Moon God and part of the Theban triad as the son of Amun and Mut
Khonsu is depicted as a youth wrapped in mummy-bandages. He holds a crook, flail and waas sceptre although in some instances he can be seen holding the djed pillar (the backbone of Osiris). He wears a menat necklace and has the side lock of youth plus a crescent of the full moon. His cult centre and principal place of worship was at Thebes where he had a temple within the precincts of the Temple of Amun at Karnak. Khonsu as a sky deity can also have the head of a hawk
It was thought that his name was derived from the words for placenta (kh) and king (nsw) and that he was the personification of the royal placenta, which was preserved after the birth of the king, wrapped in a cloth and fixed to the top of a pole, to become one of the four standards which were carried at the head of the royal procession. However, another train of thought is that his name comes from the verb “to cross over” giving the meaning “He who traverses [the sky]” – more appropriate for a moon god.

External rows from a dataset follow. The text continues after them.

lemma expansion_at_bond_doublon:
  fixes \<psi> :: "'a::linorder set \<Rightarrow> ('a \<Rightarrow> spin) \<Rightarrow> complex"
  assumes fM: "finite M"
    and expand: "\<Phi> = (\<lambda>S. \<Sum>D\<in>{D. D \<subseteq> M \<and> card D = Ne}.
                      \<Sum>\<tau>\<in>Pi\<^sub>E D (\<lambda>_. {Up, Dn}). \<psi> D \<tau> * aprod M B \<zeta> \<mu> D \<tau> S)"
    and C: "C \<subseteq> M" "card C = Ne" and xy: "x \<in> C" "y \<in> C" and \<tau>: "\<tau> x \<noteq> \<tau> y"
  shows "\<Phi> (bond_doublon x y \<tau> C) =
    (\<Sum>\<tau>'\<in>{restrict \<tau> C, restrict (\<tau> \<circ> Transposition.transpose x y) C}.
       \<psi> C \<tau>' * aprod M B \<zeta> \<mu> C \<tau>' (bond_doublon x y \<tau> C))"
proof (rule expansion_eq_single_block[OF fM expand C])
  have fC: "finite C" using finite_subset[OF C(1) fM] .
  show "{restrict \<tau> C, restrict (\<tau> \<circ> Transposition.transpose x y) C} \<subseteq> Pi\<^sub>E C (\<lambda>_. {Up, Dn})"
    by (auto intro: spin.exhaust)
  show "D = C \<and> \<tau>' \<in> {restrict \<tau> C, restrict (\<tau> \<circ> Transposition.transpose x y) C}"
    if "D \<subseteq> M" "card D = Ne" "\<tau>' \<in> Pi\<^sub>E D (\<lambda>_. {Up, Dn})"
      "aprod M B \<zeta> \<mu> D \<tau>' (bond_doublon x y \<tau> C) \<noteq> 0" for D \<tau>'
    using aprod_bond_doublon_support[OF finite_subset[OF that(1) fM] _ fC xy \<tau> that(3,4)] that(2) C(2)
    by simp
qed

text \<open>The two configurations that fill \<open>u(x, y)\<close> from \<open>x\<close> and \<open>y\<close> differ in the order of the
  two creation operators at \<open>u(x, y)\<close>, hence contribute with opposite signs.\<close>

lemma aprod_bond_doublon_swap:
  assumes lat: "lattice M B \<zeta>" and mu: "\<mu> > 0" and C: "C \<subseteq> M"
    and xy: "(x, y) \<in> B" "x \<in> C" "y \<in> C" and \<tau>: "\<tau> x \<noteq> \<tau> y"
  shows "aprod M B \<zeta> \<mu> C (restrict (\<tau> \<circ> Transposition.transpose x y) C) (bond_doublon x y \<tau> C)
       = - aprod M B \<zeta> \<mu> C (restrict \<tau> C) (bond_doublon x y \<tau> C)"
    and "aprod M B \<zeta> \<mu> C (restrict \<tau> C) (bond_doublon x y \<tau> C) \<noteq> 0"
proof -
  let ?S = "bond_doublon x y \<tau> C" and ?u = "Uo x y" and ?C' = "C - {x, y}"
  let ?G = "\<lambda>a b. cre (Lam M B) (acoef \<mu> \<zeta> B x) a
                   (cre (Lam M B) (acoef \<mu> \<zeta> B y) b (aprod M B \<zeta> \<mu> ?C' \<tau>)) ?S"
  have fC: "finite C" using finite_subset[OF C lattice_finite(1)[OF lat]] .
  have fS: "finite ?S" using fC by (simp add: bond_doublon_def site_config_def)
  have xny: "x \<noteq> y" using lattice_bond_neq[OF lat xy(1)] .
  obtain n where n: "\<And>t. aprod M B \<zeta> \<mu> C t ?S = (-1) ^ n * cre (Lam M B) (acoef \<mu> \<zeta> B x) (t x)
      (cre (Lam M B) (acoef \<mu> \<zeta> B y) (t y) (aprod M B \<zeta> \<mu> ?C' t)) ?S"
    by (rule aprod_extract_pair[OF fC xy(2,3) xny fS, where M = M and B = B and \<zeta> = \<zeta> and \<mu> = \<mu>])
      blast
  have "aprod M B \<zeta> \<mu> ?C' t = aprod M B \<zeta> \<mu> ?C' \<tau>"
    if "t \<in> {restrict \<tau> C, restrict (\<tau> \<circ> Transposition.transpose x y) C}" for t
    using that fC by (intro aprod_cong) auto
  then have "aprod M B \<zeta> \<mu> C (restrict \<tau> C) ?S = (-1) ^ n * ?G (\<tau> x) (\<tau> y)"
    "aprod M B \<zeta> \<mu> C (restrict (\<tau> \<circ> Transposition.transpose x y) C) ?S = (-1) ^ n * ?G (\<tau> y) (\<tau> x)"
    using n xy xny by simp_all
  moreover have "?G (\<tau> y) (\<tau> x) = - ?G (\<tau> x) (\<tau> y)" "?G (\<tau> x) (\<tau> y) \<noteq> 0"
    using cre_pair_on_bond_doublon[OF lat xy C] \<tau> mu anorm_pos[of \<zeta> \<mu>]
      cr_anticommute[OF fS, of "(?u, \<tau> y)" "(?u, \<tau> x)"] cr_pair_bond_doublon_nonzero[OF lat C \<tau>]
    by simp_all
  ultimately show "aprod M B \<zeta> \<mu> C (restrict (\<tau> \<circ> Transposition.transpose x y) C) ?S
      = - aprod M B \<zeta> \<mu> C (restrict \<tau> C) ?S"
    and "aprod M B \<zeta> \<mu> C (restrict \<tau> C) ?S \<noteq> 0"
    by simp_all
qed

text \<open>Since \<open>u(x, y)\<close> cannot be doubly occupied, these two contributions must cancel.\<close>

lemma expansion_coefficient_swap_bond:
  fixes \<psi> :: "'a::linorder set \<Rightarrow> ('a \<Rightarrow> spin) \<Rightarrow> complex"
  assumes lat: "lattice M B \<zeta>" and mu: "\<mu> > 0" and fe: "finite_energy M B \<zeta> \<mu> t \<Phi>"
    and expand: "\<Phi> = (\<lambda>S. \<Sum>D\<in>{D. D \<subseteq> M \<and> card D = Ne}.
                      \<Sum>\<tau>\<in>Pi\<^sub>E D (\<lambda>_. {Up, Dn}). \<psi> D \<tau> * aprod M B \<zeta> \<mu> D \<tau> S)"
    and C: "C \<subseteq> M" "card C = Ne" and xy: "(x, y) \<in> B" "x \<in> C" "y \<in> C"
  shows "\<psi> C (restrict (\<tau> \<circ> Transposition.transpose x y) C) = \<psi> C (restrict \<tau> C)"
proof (cases "\<tau> x = \<tau> y")
  case True
  then have "\<tau> \<circ> Transposition.transpose x y = \<tau>" by (auto simp: transpose_def fun_eq_iff)
  then show ?thesis by simp
next
  case \<tau>: False
  let ?S = "bond_doublon x y \<tau> C"
  let ?t1 = "restrict \<tau> C" and ?t2 = "restrict (\<tau> \<circ> Transposition.transpose x y) C"
  have "?S \<subseteq> modes M B"
    using Uo_in_Lam[OF xy(1)] C(1) Ms_in_Lam[of _ M B]
    by (auto simp: bond_doublon_def site_config_def modes_def intro: spin.exhaust)
  then have "\<Phi> ?S = 0"
    by (rule finite_energy_no_double_occupancy[OF lat fe _ Uo_in_Lam[OF xy(1)]])
      (simp_all add: bond_doublon_def)
  moreover have "?t1 \<noteq> ?t2"
  proof
    assume "?t1 = ?t2"
    then have "?t1 x = ?t2 x" by simp
    then show False using \<tau> xy(2) by simp
  qed
  ultimately have "\<psi> C ?t1 * aprod M B \<zeta> \<mu> C ?t1 ?S + \<psi> C ?t2 * aprod M B \<zeta> \<mu> C ?t2 ?S = 0"
    using expansion_at_bond_doublon[OF lattice_finite(1)[OF lat] expand C xy(2,3) \<tau>] by simp
  then show ?thesis
    using aprod_bond_doublon_swap[OF lat mu C(1) xy \<tau>] by (simp add: algebra_simps)
qed

section \<open>Spin operators on amplitude functions\<close>

text \<open>A function \<open>h\<close> on spin configurations of \<open>C\<close> stands for the amplitudes \<open>h \<tau> = \<Psi> (site_config \<tau> C)\<close>;
  \<open>Splus_amp\<close>, \<open>Sminus_amp\<close> and \<open>Sz_weight\<close> describe how \<open>S\<^sup>+\<close>, \<open>S\<^sup>-\<close> and \<open>S\<^sup>(\<^sup>3\<^sup>)\<close> act on them, and
  \<open>Ssq_amp = S\<^sup>-S\<^sup>+ + S\<^sup>(\<^sup>3\<^sup>) + (S\<^sup>(\<^sup>3\<^sup>))\<^sup>2\<close> is the action of \<open>S\<^sub>t\<^sub>o\<^sub>t\<^sup>2\<close>.\<close>

definition Splus_amp :: "'a set \<Rightarrow> (('a \<Rightarrow> spin) \<Rightarrow> complex) \<Rightarrow> ('a \<Rightarrow> spin) \<Rightarrow> complex" where
  "Splus_amp C h \<tau> = (\<Sum>x\<in>{x\<in>C. \<tau> x = Up}. h (\<tau>(x := Dn)))"

definition Sminus_amp :: "'a set \<Rightarrow> (('a \<Rightarrow> spin) \<Rightarrow> complex) \<Rightarrow> ('a \<Rightarrow> spin) \<Rightarrow> complex" where
  "Sminus_amp C h \<tau> = (\<Sum>x\<in>{x\<in>C. \<tau> x = Dn}. h (\<tau>(x := Up)))"

definition Sz_weight :: "'a set \<Rightarrow> ('a \<Rightarrow> spin) \<Rightarrow> complex" where
  "Sz_weight C \<tau> = (of_nat (card {x\<in>C. \<tau> x = Up}) - of_nat (card {x\<in>C. \<tau> x = Dn})) / 2"

definition Ssq_amp :: "'a set \<Rightarrow> (('a \<Rightarrow> spin) \<Rightarrow> complex) \<Rightarrow> ('a \<Rightarrow> spin) \<Rightarrow> complex" where
  "Ssq_amp C h \<tau> = Sminus_amp C (Splus_amp C h) \<tau> + (Sz_weight C \<tau> + (Sz_weight C \<tau>)\<^sup>2) * h \<tau>"

lemma cr_an_site_config:
  assumes x: "x \<in> C" "\<tau> x = s" and ss: "s \<noteq> s'"
  shows "cr (Ms x, s) (an (Ms x, s') \<Psi>) (site_config \<tau> C) = \<Psi> (site_config (\<tau>(x := s')) C)"
proof -
  let ?T = "site_config \<tau> C - {(Ms x, s)}"
  have m: "(Ms x, s) \<in> site_config \<tau> C" using x by (simp add: Ms_in_site_config_iff)
  have n: "(Ms x, s') \<notin> ?T" using x ss by (auto simp: Ms_in_site_config_iff)
  have ins: "insert (Ms x, s') ?T = site_config (\<tau>(x := s')) C"
    using x unfolding site_config_def by auto
  have "\<forall>m\<in>?T. fst m \<noteq> Ms x" using x unfolding site_config_def by auto
  then have "fsign ?T (Ms x, s) * fsign ?T (Ms x, s') = 1"
    using fsign_same_site[of ?T "Ms x" s s'] fsign_mult_self by simp
  then show ?thesis unfolding cr_def an_def using m n ins
    by (simp add: mult.assoc[symmetric])
qed

lemma sum_over_site_config:
  assumes fL: "finite L" and CL: "Ms ` C \<subseteq> L"
    and zero: "\<And>z. z \<in> L \<Longrightarrow> (z, s) \<notin> site_config \<tau> C \<Longrightarrow> h z = 0"
  shows "(\<Sum>z\<in>L. h z) = (\<Sum>x\<in>{x\<in>C. \<tau> x = s}. h (Ms x))"
proof -
  have "(\<Sum>z\<in>L. h z) = (\<Sum>z\<in>Ms ` {x\<in>C. \<tau> x = s}. h z)"
    using CL zero by (intro sum.mono_neutral_right[OF fL]) (auto simp: site_config_def)
  also have "\<dots> = (\<Sum>x\<in>{x\<in>C. \<tau> x = s}. h (Ms x))"
    by (subst sum.reindex) (auto simp: inj_on_def)
  finally show ?thesis .
qed

lemma Splus_site_config:
  assumes "finite L" "Ms ` C \<subseteq> L"
  shows "Splus L \<Psi> (site_config \<tau> C) = Splus_amp C (\<lambda>\<tau>. \<Psi> (site_config \<tau> C)) \<tau>"
proof -
  have "Splus L \<Psi> (site_config \<tau> C) =
      (\<Sum>x\<in>{x\<in>C. \<tau> x = Up}. cr (Ms x, Up) (an (Ms x, Dn) \<Psi>) (site_config \<tau> C))"
    unfolding Splus_def by (rule sum_over_site_config[OF assms]) (simp add: cr_def)
  then show ?thesis unfolding Splus_amp_def by (simp add: cr_an_site_config)
qed

lemma Sminus_site_config:
  assumes "finite L" "Ms ` C \<subseteq> L"
  shows "Sminus L \<Psi> (site_config \<tau> C) = Sminus_amp C (\<lambda>\<tau>. \<Psi> (site_config \<tau> C)) \<tau>"
proof -
  have "Sminus L \<Psi> (site_config \<tau> C) =
      (\<Sum>x\<in>{x\<in>C. \<tau> x = Dn}. cr (Ms x, Dn) (an (Ms x, Up) \<Psi>) (site_config \<tau> C))"
    unfolding Sminus_def by (rule sum_over_site_config[OF assms]) (simp add: cr_def)
  then show ?thesis unfolding Sminus_amp_def by (simp add: cr_an_site_config)
qed

lemma S3_site_config:
  assumes "finite L" "Ms ` C \<subseteq> L"
  shows "S3 L \<Psi> (site_config \<tau> C) = Sz_weight C \<tau> * \<Psi> (site_config \<tau> C)"
proof -
  have count: "(\<Sum>z\<in>L. if (z, s) \<in> site_config \<tau> C then \<Psi> (site_config \<tau> C) else 0)
      = (\<Sum>x\<in>{x\<in>C. \<tau> x = s}. \<Psi> (site_config \<tau> C))" for s
    by (rule trans[OF sum_over_site_config[OF assms]]) (auto simp: Ms_in_site_config_iff)
  have "S3 L \<Psi> (site_config \<tau> C) =
      (\<Sum>z\<in>L. if (z, Up) \<in> site_config \<tau> C then \<Psi> (site_config \<tau> C) else 0) / 2
      - (\<Sum>z\<in>L. if (z, Dn) \<in> site_config \<tau> C then \<Psi> (site_config \<tau> C) else 0) / 2"
    unfolding S3_def numop_apply
    by (simp add: sum_subtractf sum_divide_distrib[symmetric] diff_divide_distrib)
  then show ?thesis unfolding count Sz_weight_def by (simp add: algebra_simps diff_divide_distrib)
qed

lemma Splus_amp_add: "Splus_amp C (\<lambda>\<tau>. f \<tau> + g \<tau>) \<tau> = Splus_amp C f \<tau> + Splus_amp C g \<tau>"
  unfolding Splus_amp_def by (simp add: sum.distrib)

The nature of Khonsu in the Pyramid Age is quite different from his character at Thebes in the New Kingdom. In the spell which aims to give the king power to hunt and eat certain deities, thereby absorbing their strength, Khonsu is seen as a bloodthirsty god who helps to catch and slay the victims.
Khonsu assisted Thoth to calculate time and he was also a healing god, the latter recorded on a stele found in his temple at Thebes purporting to have been erected in the reign of Ramses II but probably set up during either the Persian of Ptolemaic period in attempt to recall past glories.